**Material provided**

-------------------------

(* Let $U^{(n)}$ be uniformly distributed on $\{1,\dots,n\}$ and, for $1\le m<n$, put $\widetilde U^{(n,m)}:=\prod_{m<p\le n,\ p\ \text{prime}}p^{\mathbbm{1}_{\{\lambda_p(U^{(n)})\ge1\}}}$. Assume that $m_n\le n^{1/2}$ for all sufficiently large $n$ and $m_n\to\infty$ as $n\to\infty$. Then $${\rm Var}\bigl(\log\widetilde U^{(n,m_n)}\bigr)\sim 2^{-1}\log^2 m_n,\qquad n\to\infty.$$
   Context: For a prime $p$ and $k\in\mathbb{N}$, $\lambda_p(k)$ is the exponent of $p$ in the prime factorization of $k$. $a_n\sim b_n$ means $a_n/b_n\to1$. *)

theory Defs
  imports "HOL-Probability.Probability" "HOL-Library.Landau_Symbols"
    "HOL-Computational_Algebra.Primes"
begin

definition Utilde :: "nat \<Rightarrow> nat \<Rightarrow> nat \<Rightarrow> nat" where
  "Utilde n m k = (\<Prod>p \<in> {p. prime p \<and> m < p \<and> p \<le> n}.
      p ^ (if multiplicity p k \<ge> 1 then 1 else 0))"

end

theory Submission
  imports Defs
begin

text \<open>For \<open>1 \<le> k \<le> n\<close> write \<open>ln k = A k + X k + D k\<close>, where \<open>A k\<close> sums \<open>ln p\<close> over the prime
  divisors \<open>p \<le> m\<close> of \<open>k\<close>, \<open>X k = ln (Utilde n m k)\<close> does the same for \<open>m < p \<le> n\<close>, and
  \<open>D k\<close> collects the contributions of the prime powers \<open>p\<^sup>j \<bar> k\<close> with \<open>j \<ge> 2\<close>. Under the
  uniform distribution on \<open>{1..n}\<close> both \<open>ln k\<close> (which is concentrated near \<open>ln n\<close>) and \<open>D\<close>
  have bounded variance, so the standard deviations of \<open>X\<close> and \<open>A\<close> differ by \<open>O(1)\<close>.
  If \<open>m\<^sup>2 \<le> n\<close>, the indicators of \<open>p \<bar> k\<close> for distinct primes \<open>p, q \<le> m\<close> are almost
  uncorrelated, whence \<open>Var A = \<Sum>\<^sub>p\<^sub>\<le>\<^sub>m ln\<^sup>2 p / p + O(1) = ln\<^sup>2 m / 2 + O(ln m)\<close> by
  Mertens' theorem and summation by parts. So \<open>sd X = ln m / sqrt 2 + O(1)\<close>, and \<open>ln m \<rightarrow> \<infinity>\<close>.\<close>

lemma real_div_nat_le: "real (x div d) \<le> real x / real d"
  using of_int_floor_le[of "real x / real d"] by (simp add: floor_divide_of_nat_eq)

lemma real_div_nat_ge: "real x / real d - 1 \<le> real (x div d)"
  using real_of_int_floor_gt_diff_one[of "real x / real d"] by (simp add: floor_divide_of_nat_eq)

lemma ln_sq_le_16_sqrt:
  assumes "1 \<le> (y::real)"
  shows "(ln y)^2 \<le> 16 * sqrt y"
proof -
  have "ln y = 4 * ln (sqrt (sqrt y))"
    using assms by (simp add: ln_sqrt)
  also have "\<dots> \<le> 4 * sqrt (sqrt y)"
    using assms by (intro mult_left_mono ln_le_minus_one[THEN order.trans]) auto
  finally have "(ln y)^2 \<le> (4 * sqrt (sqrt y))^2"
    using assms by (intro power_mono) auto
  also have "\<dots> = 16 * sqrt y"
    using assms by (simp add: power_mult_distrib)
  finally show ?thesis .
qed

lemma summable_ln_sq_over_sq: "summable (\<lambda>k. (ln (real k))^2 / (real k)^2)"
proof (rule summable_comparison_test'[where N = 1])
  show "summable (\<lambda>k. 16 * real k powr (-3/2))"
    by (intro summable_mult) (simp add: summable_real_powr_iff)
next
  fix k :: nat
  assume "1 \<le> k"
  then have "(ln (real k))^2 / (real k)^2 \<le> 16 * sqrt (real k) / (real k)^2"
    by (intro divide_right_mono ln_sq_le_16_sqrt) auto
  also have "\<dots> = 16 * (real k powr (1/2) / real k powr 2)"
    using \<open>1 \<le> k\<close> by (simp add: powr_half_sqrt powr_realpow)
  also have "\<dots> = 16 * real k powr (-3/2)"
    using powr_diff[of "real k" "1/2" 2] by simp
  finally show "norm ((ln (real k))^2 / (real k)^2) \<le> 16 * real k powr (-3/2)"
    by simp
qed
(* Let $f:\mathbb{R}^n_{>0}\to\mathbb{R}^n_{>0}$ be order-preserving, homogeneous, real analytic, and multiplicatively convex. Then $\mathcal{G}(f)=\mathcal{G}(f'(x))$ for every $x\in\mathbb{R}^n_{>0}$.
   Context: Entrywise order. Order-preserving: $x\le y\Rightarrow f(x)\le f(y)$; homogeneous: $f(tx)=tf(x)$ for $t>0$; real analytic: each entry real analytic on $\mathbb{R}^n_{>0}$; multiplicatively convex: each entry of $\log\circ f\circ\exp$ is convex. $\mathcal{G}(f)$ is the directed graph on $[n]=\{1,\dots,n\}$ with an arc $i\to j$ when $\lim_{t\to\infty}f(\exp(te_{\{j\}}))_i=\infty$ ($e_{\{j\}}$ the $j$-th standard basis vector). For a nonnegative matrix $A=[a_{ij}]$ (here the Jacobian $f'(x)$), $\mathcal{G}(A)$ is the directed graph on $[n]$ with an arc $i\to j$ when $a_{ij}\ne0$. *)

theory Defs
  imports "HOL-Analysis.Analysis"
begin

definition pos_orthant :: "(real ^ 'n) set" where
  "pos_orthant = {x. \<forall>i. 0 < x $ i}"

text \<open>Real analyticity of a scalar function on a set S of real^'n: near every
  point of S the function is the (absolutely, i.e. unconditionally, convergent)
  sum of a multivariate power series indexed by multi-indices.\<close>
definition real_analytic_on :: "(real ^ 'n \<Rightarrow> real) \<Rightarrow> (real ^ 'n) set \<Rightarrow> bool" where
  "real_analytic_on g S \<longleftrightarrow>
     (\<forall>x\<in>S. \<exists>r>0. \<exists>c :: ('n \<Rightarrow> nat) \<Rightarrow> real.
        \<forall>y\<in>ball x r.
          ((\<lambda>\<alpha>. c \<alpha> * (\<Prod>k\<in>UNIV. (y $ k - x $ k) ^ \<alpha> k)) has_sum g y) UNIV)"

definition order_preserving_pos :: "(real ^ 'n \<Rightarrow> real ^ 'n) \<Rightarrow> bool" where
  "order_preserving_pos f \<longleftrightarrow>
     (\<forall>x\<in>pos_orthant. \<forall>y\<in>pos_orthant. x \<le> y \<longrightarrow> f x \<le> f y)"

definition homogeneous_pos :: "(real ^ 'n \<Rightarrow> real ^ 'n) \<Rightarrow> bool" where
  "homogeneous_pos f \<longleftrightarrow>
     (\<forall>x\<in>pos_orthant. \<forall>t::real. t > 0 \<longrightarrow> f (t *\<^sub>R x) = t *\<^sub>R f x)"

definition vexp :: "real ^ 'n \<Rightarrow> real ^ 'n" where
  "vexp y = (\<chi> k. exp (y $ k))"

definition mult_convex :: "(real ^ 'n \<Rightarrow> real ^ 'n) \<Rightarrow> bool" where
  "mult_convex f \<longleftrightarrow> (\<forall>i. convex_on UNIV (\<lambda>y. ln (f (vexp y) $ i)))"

-------------------------

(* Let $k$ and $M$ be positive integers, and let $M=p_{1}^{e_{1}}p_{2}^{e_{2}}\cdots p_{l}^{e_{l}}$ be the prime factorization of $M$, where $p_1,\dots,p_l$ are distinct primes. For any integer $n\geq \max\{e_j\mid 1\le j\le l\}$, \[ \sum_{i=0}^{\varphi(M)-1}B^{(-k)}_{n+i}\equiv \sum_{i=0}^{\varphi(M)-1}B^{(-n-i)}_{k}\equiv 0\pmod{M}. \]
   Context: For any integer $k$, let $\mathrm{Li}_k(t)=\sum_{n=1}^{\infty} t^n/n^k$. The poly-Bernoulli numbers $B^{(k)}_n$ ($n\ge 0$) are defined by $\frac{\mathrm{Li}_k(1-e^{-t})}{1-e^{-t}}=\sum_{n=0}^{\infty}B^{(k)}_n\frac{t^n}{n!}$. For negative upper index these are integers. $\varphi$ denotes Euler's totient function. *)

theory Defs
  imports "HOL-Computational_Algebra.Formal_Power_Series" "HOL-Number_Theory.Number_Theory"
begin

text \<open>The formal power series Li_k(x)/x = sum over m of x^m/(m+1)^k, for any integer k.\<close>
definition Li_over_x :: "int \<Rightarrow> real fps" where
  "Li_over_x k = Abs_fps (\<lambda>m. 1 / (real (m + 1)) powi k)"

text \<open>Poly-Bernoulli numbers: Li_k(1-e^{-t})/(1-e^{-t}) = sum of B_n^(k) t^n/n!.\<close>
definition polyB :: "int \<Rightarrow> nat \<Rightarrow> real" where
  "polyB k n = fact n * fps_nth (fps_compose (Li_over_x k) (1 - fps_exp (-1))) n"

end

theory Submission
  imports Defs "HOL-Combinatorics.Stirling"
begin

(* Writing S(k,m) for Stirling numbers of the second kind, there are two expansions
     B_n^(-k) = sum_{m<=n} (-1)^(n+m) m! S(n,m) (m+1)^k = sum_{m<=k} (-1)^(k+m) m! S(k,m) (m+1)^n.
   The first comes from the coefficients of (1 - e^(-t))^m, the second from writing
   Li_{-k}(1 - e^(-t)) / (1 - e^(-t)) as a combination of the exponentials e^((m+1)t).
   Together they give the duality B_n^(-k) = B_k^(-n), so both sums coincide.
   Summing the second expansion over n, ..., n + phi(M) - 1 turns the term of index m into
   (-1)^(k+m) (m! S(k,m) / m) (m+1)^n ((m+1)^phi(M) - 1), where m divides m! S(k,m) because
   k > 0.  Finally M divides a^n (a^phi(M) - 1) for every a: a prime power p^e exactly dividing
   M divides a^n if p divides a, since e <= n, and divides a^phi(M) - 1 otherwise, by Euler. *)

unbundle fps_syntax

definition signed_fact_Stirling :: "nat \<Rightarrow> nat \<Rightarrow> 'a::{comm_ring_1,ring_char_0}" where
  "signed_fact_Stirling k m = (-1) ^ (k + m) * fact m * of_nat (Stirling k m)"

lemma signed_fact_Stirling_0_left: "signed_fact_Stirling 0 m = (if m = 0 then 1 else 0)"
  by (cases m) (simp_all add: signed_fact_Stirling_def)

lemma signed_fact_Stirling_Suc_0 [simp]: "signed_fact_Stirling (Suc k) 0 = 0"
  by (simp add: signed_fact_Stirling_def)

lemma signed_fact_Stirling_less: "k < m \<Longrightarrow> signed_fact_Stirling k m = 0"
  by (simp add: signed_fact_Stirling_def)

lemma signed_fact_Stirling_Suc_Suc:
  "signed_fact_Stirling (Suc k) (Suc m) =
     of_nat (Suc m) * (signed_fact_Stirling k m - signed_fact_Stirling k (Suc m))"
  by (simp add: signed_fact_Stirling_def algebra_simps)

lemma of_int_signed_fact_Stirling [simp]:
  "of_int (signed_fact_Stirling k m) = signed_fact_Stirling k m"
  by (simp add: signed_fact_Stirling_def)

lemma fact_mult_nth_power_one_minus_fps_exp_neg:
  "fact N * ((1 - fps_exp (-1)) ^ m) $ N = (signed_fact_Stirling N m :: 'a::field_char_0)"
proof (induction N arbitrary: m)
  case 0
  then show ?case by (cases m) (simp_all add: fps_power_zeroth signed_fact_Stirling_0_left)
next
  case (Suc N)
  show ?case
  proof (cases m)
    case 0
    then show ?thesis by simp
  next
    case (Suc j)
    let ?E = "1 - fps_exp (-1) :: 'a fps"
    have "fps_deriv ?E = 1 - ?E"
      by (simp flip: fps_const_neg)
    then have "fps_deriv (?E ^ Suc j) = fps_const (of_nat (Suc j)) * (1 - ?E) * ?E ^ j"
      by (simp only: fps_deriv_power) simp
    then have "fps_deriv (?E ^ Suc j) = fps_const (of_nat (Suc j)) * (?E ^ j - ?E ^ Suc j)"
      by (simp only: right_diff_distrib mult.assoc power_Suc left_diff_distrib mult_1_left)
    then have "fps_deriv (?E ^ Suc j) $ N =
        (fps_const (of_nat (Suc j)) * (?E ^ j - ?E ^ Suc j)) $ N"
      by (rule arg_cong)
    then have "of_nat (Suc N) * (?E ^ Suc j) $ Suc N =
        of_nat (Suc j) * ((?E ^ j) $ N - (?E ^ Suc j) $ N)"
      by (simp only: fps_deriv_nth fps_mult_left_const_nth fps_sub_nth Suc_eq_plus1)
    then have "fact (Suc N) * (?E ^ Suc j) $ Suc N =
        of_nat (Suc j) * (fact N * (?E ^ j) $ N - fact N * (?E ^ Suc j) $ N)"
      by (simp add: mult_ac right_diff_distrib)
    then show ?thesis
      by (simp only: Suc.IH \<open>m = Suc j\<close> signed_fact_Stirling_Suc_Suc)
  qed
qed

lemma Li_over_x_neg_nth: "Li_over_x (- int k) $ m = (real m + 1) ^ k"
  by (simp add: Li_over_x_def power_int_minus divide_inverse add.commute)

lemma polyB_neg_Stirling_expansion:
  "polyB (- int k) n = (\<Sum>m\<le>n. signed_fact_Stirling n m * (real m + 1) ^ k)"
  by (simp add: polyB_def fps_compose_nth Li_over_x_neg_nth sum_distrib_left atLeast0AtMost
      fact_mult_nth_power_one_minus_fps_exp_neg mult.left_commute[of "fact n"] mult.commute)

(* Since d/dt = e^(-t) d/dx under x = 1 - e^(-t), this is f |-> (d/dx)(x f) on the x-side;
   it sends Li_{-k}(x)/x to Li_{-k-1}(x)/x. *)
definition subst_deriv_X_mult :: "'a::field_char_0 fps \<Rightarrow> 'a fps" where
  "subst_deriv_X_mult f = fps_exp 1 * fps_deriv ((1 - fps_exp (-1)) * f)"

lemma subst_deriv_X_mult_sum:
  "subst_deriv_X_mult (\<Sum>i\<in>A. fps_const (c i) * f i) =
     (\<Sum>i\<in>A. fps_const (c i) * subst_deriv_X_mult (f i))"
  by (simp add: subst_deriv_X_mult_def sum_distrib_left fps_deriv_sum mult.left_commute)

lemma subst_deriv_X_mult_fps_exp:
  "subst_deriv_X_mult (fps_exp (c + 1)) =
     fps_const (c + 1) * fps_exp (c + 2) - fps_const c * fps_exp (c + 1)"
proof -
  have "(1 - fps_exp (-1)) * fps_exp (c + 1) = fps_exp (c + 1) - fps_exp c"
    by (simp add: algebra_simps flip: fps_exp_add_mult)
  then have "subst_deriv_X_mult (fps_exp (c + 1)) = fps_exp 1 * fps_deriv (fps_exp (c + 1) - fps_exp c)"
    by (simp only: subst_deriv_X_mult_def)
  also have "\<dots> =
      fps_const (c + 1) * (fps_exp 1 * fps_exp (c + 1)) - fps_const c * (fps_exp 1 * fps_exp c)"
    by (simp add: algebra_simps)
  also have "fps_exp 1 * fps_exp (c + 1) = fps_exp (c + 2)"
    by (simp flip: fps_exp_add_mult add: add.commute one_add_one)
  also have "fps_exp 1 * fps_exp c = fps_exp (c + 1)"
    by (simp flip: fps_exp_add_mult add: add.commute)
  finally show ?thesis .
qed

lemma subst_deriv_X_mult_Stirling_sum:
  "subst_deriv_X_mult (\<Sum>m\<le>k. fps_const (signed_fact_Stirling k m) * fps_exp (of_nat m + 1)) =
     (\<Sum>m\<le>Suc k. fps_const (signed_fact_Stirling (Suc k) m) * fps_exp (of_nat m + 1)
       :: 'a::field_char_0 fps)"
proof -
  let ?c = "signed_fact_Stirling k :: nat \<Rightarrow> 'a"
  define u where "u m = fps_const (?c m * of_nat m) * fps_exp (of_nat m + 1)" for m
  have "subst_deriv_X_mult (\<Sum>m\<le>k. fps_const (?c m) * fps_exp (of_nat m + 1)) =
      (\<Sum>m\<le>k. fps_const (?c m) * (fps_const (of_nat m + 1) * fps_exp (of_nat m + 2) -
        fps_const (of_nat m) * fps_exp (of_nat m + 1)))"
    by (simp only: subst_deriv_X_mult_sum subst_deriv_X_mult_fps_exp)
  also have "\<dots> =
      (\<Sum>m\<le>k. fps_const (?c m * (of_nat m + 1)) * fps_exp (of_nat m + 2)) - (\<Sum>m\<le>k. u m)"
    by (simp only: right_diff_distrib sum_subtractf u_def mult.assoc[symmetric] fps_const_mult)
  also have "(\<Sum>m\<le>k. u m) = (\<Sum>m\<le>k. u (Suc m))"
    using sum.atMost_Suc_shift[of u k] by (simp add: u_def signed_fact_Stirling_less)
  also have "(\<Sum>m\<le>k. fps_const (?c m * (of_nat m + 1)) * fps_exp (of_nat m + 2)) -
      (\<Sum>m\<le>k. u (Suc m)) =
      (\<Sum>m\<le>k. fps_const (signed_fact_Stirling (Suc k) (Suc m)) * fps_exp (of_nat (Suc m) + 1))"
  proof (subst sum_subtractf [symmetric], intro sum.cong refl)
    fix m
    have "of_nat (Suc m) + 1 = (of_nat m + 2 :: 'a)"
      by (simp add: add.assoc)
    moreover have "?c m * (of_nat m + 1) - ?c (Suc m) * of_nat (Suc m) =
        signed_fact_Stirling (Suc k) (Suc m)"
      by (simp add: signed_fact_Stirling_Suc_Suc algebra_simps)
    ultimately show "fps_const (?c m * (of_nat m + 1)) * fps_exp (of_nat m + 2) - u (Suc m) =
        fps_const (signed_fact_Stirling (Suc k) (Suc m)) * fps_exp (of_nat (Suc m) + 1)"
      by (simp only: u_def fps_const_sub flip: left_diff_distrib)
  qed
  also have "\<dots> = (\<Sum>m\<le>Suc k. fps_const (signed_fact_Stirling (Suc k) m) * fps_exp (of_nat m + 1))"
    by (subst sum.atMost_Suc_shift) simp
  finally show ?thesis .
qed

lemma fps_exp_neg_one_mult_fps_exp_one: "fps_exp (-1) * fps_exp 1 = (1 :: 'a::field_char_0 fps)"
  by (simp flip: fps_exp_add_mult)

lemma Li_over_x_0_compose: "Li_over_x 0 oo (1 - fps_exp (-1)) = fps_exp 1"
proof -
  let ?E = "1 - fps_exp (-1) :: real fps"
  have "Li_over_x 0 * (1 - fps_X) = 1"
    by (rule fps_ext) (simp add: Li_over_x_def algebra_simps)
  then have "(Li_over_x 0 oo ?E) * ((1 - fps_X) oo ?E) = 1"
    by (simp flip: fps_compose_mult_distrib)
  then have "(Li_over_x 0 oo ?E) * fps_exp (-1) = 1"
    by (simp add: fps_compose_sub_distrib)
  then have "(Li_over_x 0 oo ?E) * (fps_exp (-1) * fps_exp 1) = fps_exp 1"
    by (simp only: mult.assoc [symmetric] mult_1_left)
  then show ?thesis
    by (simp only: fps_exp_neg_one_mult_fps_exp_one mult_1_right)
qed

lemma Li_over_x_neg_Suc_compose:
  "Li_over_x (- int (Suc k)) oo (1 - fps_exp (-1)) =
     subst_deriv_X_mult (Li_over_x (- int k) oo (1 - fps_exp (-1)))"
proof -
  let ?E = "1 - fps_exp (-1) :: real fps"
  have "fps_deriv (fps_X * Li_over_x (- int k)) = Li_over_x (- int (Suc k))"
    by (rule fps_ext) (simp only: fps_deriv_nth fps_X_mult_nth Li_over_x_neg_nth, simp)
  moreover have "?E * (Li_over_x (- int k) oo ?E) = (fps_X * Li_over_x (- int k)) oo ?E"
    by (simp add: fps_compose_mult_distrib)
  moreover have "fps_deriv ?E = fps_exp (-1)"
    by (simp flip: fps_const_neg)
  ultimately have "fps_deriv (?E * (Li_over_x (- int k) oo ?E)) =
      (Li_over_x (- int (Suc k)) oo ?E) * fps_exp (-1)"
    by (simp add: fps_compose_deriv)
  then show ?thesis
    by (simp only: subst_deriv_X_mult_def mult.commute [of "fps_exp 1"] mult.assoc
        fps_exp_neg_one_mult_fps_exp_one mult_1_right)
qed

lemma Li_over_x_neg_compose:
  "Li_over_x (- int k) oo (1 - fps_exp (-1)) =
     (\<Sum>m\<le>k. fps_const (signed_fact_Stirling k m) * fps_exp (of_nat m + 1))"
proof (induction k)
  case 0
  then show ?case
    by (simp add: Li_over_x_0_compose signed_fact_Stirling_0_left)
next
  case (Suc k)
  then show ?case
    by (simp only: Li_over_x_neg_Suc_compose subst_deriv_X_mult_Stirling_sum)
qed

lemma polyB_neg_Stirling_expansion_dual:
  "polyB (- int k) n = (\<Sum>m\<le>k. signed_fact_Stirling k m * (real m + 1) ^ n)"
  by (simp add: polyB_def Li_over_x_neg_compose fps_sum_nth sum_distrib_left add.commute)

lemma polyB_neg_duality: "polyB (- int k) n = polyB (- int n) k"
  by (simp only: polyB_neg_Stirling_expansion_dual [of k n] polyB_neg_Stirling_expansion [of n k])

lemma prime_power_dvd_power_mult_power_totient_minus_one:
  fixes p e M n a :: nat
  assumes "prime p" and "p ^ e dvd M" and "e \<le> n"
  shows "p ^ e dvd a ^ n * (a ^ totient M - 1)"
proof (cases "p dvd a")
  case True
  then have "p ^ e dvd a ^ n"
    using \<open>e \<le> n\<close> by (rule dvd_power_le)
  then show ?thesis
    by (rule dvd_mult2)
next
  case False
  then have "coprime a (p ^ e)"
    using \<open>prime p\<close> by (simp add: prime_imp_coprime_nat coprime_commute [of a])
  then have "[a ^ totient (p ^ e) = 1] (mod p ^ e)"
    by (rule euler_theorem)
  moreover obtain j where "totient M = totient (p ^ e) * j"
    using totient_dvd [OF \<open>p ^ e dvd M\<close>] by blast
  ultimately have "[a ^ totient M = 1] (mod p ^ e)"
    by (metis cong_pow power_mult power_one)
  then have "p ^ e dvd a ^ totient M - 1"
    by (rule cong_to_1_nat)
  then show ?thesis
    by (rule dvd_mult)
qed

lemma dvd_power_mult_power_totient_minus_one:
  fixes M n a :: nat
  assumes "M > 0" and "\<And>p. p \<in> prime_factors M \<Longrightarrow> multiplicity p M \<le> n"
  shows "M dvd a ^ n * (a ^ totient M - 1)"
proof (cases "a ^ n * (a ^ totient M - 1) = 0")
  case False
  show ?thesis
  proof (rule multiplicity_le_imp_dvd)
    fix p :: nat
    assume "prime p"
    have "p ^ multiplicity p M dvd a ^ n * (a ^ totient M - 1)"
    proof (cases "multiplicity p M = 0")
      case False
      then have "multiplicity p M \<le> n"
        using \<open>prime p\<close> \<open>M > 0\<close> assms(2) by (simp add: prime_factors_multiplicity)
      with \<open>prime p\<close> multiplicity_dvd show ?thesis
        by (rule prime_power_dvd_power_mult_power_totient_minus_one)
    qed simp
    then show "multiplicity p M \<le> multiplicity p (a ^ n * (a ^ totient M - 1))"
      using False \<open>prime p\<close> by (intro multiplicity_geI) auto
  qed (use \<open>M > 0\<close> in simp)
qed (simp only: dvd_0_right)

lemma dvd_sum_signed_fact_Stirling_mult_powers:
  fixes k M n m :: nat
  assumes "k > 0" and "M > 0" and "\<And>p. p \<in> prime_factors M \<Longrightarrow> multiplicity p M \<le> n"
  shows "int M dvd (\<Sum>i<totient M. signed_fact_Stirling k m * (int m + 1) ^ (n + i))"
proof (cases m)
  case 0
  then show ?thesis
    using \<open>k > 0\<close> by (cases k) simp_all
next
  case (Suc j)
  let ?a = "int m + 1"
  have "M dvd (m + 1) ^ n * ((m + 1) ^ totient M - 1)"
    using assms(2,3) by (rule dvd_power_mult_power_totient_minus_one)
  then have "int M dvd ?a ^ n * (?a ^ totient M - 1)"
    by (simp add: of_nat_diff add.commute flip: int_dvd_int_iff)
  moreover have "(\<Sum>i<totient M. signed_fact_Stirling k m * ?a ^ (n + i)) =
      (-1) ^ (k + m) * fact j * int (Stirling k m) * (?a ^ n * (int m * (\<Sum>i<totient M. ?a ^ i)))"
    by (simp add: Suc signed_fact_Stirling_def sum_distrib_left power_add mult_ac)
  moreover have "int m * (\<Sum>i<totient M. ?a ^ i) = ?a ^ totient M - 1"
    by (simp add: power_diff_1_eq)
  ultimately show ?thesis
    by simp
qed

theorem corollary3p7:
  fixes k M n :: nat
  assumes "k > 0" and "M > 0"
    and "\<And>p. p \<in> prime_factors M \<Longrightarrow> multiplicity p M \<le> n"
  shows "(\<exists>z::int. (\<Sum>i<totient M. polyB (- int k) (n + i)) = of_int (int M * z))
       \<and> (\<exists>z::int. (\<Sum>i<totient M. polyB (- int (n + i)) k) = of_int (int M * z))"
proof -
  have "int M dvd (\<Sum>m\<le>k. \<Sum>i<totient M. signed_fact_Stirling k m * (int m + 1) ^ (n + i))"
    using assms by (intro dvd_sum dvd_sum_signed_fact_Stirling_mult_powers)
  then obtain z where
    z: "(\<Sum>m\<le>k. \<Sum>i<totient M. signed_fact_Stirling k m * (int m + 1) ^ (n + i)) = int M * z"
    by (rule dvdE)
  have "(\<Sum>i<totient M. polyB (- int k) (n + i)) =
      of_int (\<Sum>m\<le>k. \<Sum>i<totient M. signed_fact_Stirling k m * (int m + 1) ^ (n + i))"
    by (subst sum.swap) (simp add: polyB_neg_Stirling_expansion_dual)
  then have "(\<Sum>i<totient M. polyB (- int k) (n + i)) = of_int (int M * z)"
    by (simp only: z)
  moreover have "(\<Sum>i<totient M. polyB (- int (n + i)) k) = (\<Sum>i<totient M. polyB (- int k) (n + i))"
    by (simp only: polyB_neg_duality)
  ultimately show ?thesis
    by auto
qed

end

-------------------------

Could you please find every line of the listing above holding the string "longleftrightarrow" and copy it?

  "real_analytic_on g S \<longleftrightarrow>
  "order_preserving_pos f \<longleftrightarrow>
  "homogeneous_pos f \<longleftrightarrow>
  "mult_convex f \<longleftrightarrow> (\<forall>i. convex_on UNIV (\<lambda>y. ln (f (vexp y) $ i)))"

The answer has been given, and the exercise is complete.